[Recorded data]

(* Let $f:\mathbb{R}\to\mathbb{R}$ be a Topologically Anosov homeomorphism. Then $f$ has exactly one fixed point.
   Context: A homeomorphism $f:\mathbb{R}\to\mathbb{R}$ is Topologically Anosov if: (i) there is a continuous strictly positive $\epsilon:\mathbb{R}\to\mathbb{R}$ such that for all $x\neq y$ there is $k\in\mathbb{Z}$ with $|f^k(x)-f^k(y)|>\epsilon(f^k(x))$; and (ii) for every continuous strictly positive $\epsilon:\mathbb{R}\to\mathbb{R}$ there is a continuous strictly positive $\delta:\mathbb{R}\to\mathbb{R}$ such that every $\delta$-pseudo-orbit (a sequence $(x_n)_{n\in\mathbb{Z}}$ with $|f(x_n)-x_{n+1}|<\delta(f(x_n))$) is $\epsilon$-shadowed by an orbit (there is $x$ with $|x_n-f^n(x)|<\epsilon(x_n)$ for all $n$). *)

theory Defs
  imports "HOL-Analysis.Analysis"
begin

definition zpow :: "(real \<Rightarrow> real) \<Rightarrow> int \<Rightarrow> real \<Rightarrow> real" where
  "zpow f k = (if 0 \<le> k then f ^^ nat k else inv f ^^ nat (- k))"

definition homeo_R :: "(real \<Rightarrow> real) \<Rightarrow> bool" where
  "homeo_R f \<longleftrightarrow> (\<exists>g. homeomorphism UNIV UNIV f g)"

definition pos_cont :: "(real \<Rightarrow> real) \<Rightarrow> bool" where
  "pos_cont e \<longleftrightarrow> continuous_on UNIV e \<and> (\<forall>x. 0 < e x)"

definition expansive_var :: "(real \<Rightarrow> real) \<Rightarrow> bool" where
  "expansive_var f \<longleftrightarrow> (\<exists>e. pos_cont e \<and>
     (\<forall>x y. x \<noteq> y \<longrightarrow> (\<exists>k::int. \<bar>zpow f k x - zpow f k y\<bar> > e (zpow f k x))))"

definition pseudo_orbit :: "(real \<Rightarrow> real) \<Rightarrow> (real \<Rightarrow> real) \<Rightarrow> (int \<Rightarrow> real) \<Rightarrow> bool" where
  "pseudo_orbit f d xs \<longleftrightarrow> (\<forall>n. \<bar>f (xs n) - xs (n + 1)\<bar> < d (f (xs n)))"

definition shadowed :: "(real \<Rightarrow> real) \<Rightarrow> (real \<Rightarrow> real) \<Rightarrow> (int \<Rightarrow> real) \<Rightarrow> bool" where
  "shadowed f e xs \<longleftrightarrow> (\<exists>x. \<forall>n. \<bar>xs n - zpow f n x\<bar> < e (xs n))"

definition shadowing_var :: "(real \<Rightarrow> real) \<Rightarrow> bool" where
  "shadowing_var f \<longleftrightarrow> (\<forall>e. pos_cont e \<longrightarrow>
     (\<exists>d. pos_cont d \<and> (\<forall>xs. pseudo_orbit f d xs \<longrightarrow> shadowed f e xs)))"

definition topologically_anosov :: "(real \<Rightarrow> real) \<Rightarrow> bool" where
  "topologically_anosov f \<longleftrightarrow> homeo_R f \<and> expansive_var f \<and> shadowing_var f"

end

theory Submission
  imports Defs
begin

(* A homeomorphism of the line is strictly monotone; a decreasing one has exactly one fixed point
   by the intermediate value theorem, so let f be increasing.

   Existence comes from shadowing. Without fixed points every orbit of f escapes to infinity in
   both time directions, so one can choose a positive 1/2-Lipschitz tolerance e that is so small
   along the orbit of 0 that an orbit staying e-close to it at arbitrarily large times must be the
   orbit of 0 itself. A pseudo-orbit that follows the orbit of 0 in the past and jumps at time 1
   onto the orbit of a point b with f b near f 0 can then only be shadowed if b = 0.

   Uniqueness comes from expansivity. Between two fixed points p < q the interval [p, q] is
   invariant and e has a positive minimum m on it. The orbit of a non-fixed x in [p, q] is
   monotone and bounded in both time directions, so only finitely many of its steps are at least
   m long; a point y between x and f x close enough to x then stays m-close to x for all times. *)

lemma homeo_R_homeomorphism_inv:
  assumes "homeo_R f"
  shows "homeomorphism UNIV UNIV f (inv f)"
proof -
  obtain g where g: "homeomorphism UNIV UNIV f g"
    using assms unfolding homeo_R_def by blast
  then have "inv f = g"
    by (intro inv_equality) (auto dest: homeomorphism_apply1 homeomorphism_apply2)
  with g show ?thesis by simp
qed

[/Recorded data]

● Task goal:
Examine the records and pull out every line where the string "from" occurs.

● Result:
   Existence comes from shadowing. Without fixed points every orbit of f escapes to infinity in
   Uniqueness comes from expansivity. Between two fixed points p < q the interval [p, q] is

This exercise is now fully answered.